Several airway diseases share phenotypes of acquired cilia defects or loss of cilia due to squamous metaplasia or other inflammatory remodeling, including CRS [1], chronic obstructive pulmonary disease (COPD) [12, 13], and cystic fibrosis (CF) [14]. Loss of cilia occurs with viral or bacterial infection [2], type-2 inflammation-driven remodeling [15], or smoking [16]. Elucidating how T2R signaling changes as the airway epithelium changes is required to understand airway pathophysiology.
We studied how T2R signaling changes when ciliated cells are de-differentiated or replaced with squamous cells in airway disease. We used airway cell lines as well as primary nasal and bronchial cells. While squamous epithelial cells still express T2Rs, altered intracellular localization of T2R-induced Ca2+ responses, and possibly the T2Rs themselves, contributes to activation of alternative apoptotic signaling involving Ca2+ signaling from the nucleus to mitochondria.
Materials and Methods
All reagents are shown in Supplementary Table S1. More detailed methods are in Supplementary Material.

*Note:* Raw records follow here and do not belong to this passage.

lemma tensor_modulation_right_factor_in_image:
  fixes f :: "'b::ring_1 \<Rightarrow> 'a::ring_1" and Y :: "('b, 'a, 'y) bimod"
  assumes Y: "is_bimod iB iA Y"
    and iso: "bimod_iso (tensor Y (modulation f)) (modulation (id :: 'b \<Rightarrow> 'b))"
  obtains b where "\<And>y. y \<in> bcar Y \<Longrightarrow>
    tcls Y (modulation f) (delta (y, a)) = tcls Y (modulation f) (delta (y, f b))"
proof -
  let ?T = "tensor Y (modulation f)" and ?cls = "tcls Y (modulation f)"
  obtain \<theta> where bij: "bij_betw \<theta> (bcar ?T) UNIV"
    and \<theta>_lact: "\<And>\<beta> S. S \<in> bcar ?T \<Longrightarrow> \<theta> (lact ?T \<beta> S) = \<beta> * \<theta> S"
    and \<theta>_ract: "\<And>S b. S \<in> bcar ?T \<Longrightarrow> \<theta> (ract ?T S b) = \<theta> S * b"
    using iso by (rule bimod_iso_regularE) blast
  obtain t where t: "t \<in> bcar ?T" "\<theta> t = 1"
    using bij_betw_imp_surj_on[OF bij] by (metis UNIV_I imageE)
  define R where "R = tensor_map Y (modulation f) (\<lambda>(y, x). (y, x * a))"
  have R_closed: "R S \<in> bcar ?T" if "S \<in> bcar ?T" for S
    unfolding R_def using right_endo_id left_endo_modulation that by (rule tensor_map_in_tensor)
  have lact_closed: "lact ?T \<beta> S \<in> bcar ?T" if "S \<in> bcar ?T" for \<beta> S
    unfolding lact_tensor using right_endo_lact[OF Y] left_endo_id that by (rule tensor_map_in_tensor)
  have R_lact: "R (lact ?T \<beta> S) = lact ?T \<beta> (R S)" if "S \<in> bcar ?T" for \<beta> S
    unfolding R_def lact_tensor using right_endo_lact[OF Y] left_endo_modulation that
    by (rule tensor_map_commute[symmetric])
  show thesis
  proof (rule that)
    fix y assume "y \<in> bcar Y"
    then have S: "?cls (delta (y, 1)) \<in> bcar ?T"
      by (simp add: tcls_in_tensor delta_in_formal_sums)
    have "R (?cls (delta (y, 1))) = ?cls (delta (y, a))"
      using tensor_map_tcls[OF right_endo_id left_endo_modulation, of "delta (y, 1)"] by (simp add: R_def)
    then have "\<theta> (?cls (delta (y, a))) = \<theta> (?cls (delta (y, 1))) * \<theta> (R t)"
      using left_linear_eq_mult_right[OF bij \<theta>_lact lact_closed R_closed R_lact t S] by simp
    also have "\<dots> = \<theta> (ract ?T (?cls (delta (y, 1))) (\<theta> (R t)))"
      using \<theta>_ract[OF S] by simp
    also have "ract ?T (?cls (delta (y, 1))) (\<theta> (R t)) = ?cls (delta (y, f (\<theta> (R t))))"
      using tensor_map_tcls[OF right_endo_id left_endo_modulation, of "delta (y, 1)"] by (simp add: ract_tensor)
    finally show "?cls (delta (y, a)) = ?cls (delta (y, f (\<theta> (R t))))"
      using bij \<open>y \<in> bcar Y\<close> by (auto simp: bij_betw_def tcls_in_tensor delta_in_formal_sums dest: inj_onD)
  qed
qed

lemma tensor_modulation_additive_eq_lin_ext:
  fixes f :: "'b::ring_1 \<Rightarrow> 'a::ring_1" and Y :: "('b, 'a, 'y) bimod"
  assumes add: "\<And>S T. S \<in> bcar (tensor (modulation f) Y) \<Longrightarrow> T \<in> bcar (tensor (modulation f) Y) \<Longrightarrow>
      \<epsilon> (badd (tensor (modulation f) Y) S T) = \<epsilon> S + \<epsilon> T"
    and lact: "\<And>a S. S \<in> bcar (tensor (modulation f) Y) \<Longrightarrow>
      \<epsilon> (lact (tensor (modulation f) Y) a S) = a * \<epsilon> S"
    and \<psi>: "\<psi> \<in> formal_sums (modulation f) Y"
  shows "\<epsilon> (tcls (modulation f) Y \<psi>) = lin_ext (\<lambda>(x, y). x * \<epsilon> (tcls (modulation f) Y (delta (1, y)))) \<psi>"
proof -
  let ?cls = "tcls (modulation f) Y"
  have "\<epsilon> (?cls \<psi>) = lin_ext (\<lambda>p. \<epsilon> (?cls (delta p))) \<psi>"
    by (rule additive_on_tensor_eq_lin_ext[OF add \<psi>])
  also have "\<dots> = lin_ext (\<lambda>(x, y). x * \<epsilon> (?cls (delta (1, y)))) \<psi>"
  proof (rule lin_ext_cong)
    fix p assume "\<psi> p \<noteq> 0"
    then obtain x y where p: "p = (x, y)" and "y \<in> bcar Y"
      using \<psi> by (cases p) (auto simp: formal_sums_iff)
    have "lact (tensor (modulation f) Y) x (?cls (delta (1, y))) = ?cls (delta (x, y))"
      using tensor_map_tcls[OF right_endo_modulation left_endo_id, of "delta (1, y)"] by (simp add: lact_tensor)
    then show "\<epsilon> (?cls (delta p)) = (\<lambda>(x, y). x * \<epsilon> (?cls (delta (1, y)))) p"
      using lact[of "?cls (delta (1, y))" x] \<open>y \<in> bcar Y\<close> by (simp add: p tcls_in_tensor delta_in_formal_sums)
  qed
  finally show ?thesis .
qed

Human primary cell culture
Primary sinonasal culture was carried out as described [6, 17]. Institutional review board approval (#800614) and written informed consent was obtained. Tissue was collected from patients ≥18 years of age undergoing surgery for sinonasal disease or trans-nasal approaches to the skull base. Primary cells were obtained through dissociation (1.4 mg/ml pronase; 0.1 mg/ml DNase; 1 hour; 37°C) [3]. Primary normal human bronchial (HBE) cells were from Lonza (Walkerville, MD) cultured in PneumaCult (Stemcell Technologies) plus penicillin/streptomycin. Immortalization with BMI-1 (indicated for some experiments) was carried out as in [18]. For deciliation, (HBE) air liquid interface (ALI) cultures were differentiated for 3 weeks and then either exposed to air or apical submersion for 4 days [17]. Age-matched cultures were compared. TAS2R38 genotyping was previously described [3].
Cell line culture
Cell culture was as described [6, 17] in Minimal Essential Media with Earl’s salts (Gibco; Gaithersburg, MD USA) plus 10% FBS and 1% penicillin/streptomycin (Gibco). RPMI 2650 (nasal squamous carcinoma), BEAS-2B (adenovirus 12-SV40 hybrid immortalized bronchial), A549 (alveolar type II-like carcinoma), HEK293T, NCI-H292 (lung mucoepidermoid carcinoma expressing T2R14 [19]), and Caco-2 (colorectal adenocarcinoma) cells were from ATCC (Manassas, VA USA). 16HBE (SV-40 immortalized bronchial) cells [20] were from D. Gruenert (University of California San Francisco, San Francisco, CA USA). Transfections used Lipofectamine 3000 (ThermoFisher Scientific, Waltham MA). After transfection with shRNA plasmids for either T2R8, T2R10, T2R14, or scramble shRNA for stable expression, Beas2B cells were supplemented with 1 μg/mL puromycin for 1 week and then maintained in 0.2 μg/mL puromycin.
Live Cell Imaging
Unless noted, imaging was as described [6, 17]. For Ca2+, cells were loaded with 5 μM Fura-2-AM or Fluo-8-AM for 1 hour in HEPES-buffered Hank’s Balanced Salt Solution (HBSS) at room temperature in the dark. Cells were loaded with 10 μM DAF-FM diacetate for 1.5 hours. Fura-2 was imaged using an Olympus IX-83 microscope (20x 0.75 NA objective), fluorescence xenon lamp with excitation and emission filter wheels (Sutter Instruments, Novato, CA USA), Orca Flash 4.0 sCMOS camera (Hamamatsu, Tokyo, Japan) and MetaFluor (Molecular Devices, Sunnyvale, CA USA) using a Fura-2 filters (79002-ET, Chroma, Rockingham, VT USA). Imaging of Fluo-8 or DAF-FM used a FITC filter set (49002-ET, Chroma). For nuclear Ca2+ or cAMP, plasmids for G-GECO, R-GECO-nls, Flamindo2 or nls-Flamindo2 were transfected 48 hours prior to imaging. Images were taken with FITC or TRITC filters. Annexin V-FITC was imaged at 10x (0.4 NA).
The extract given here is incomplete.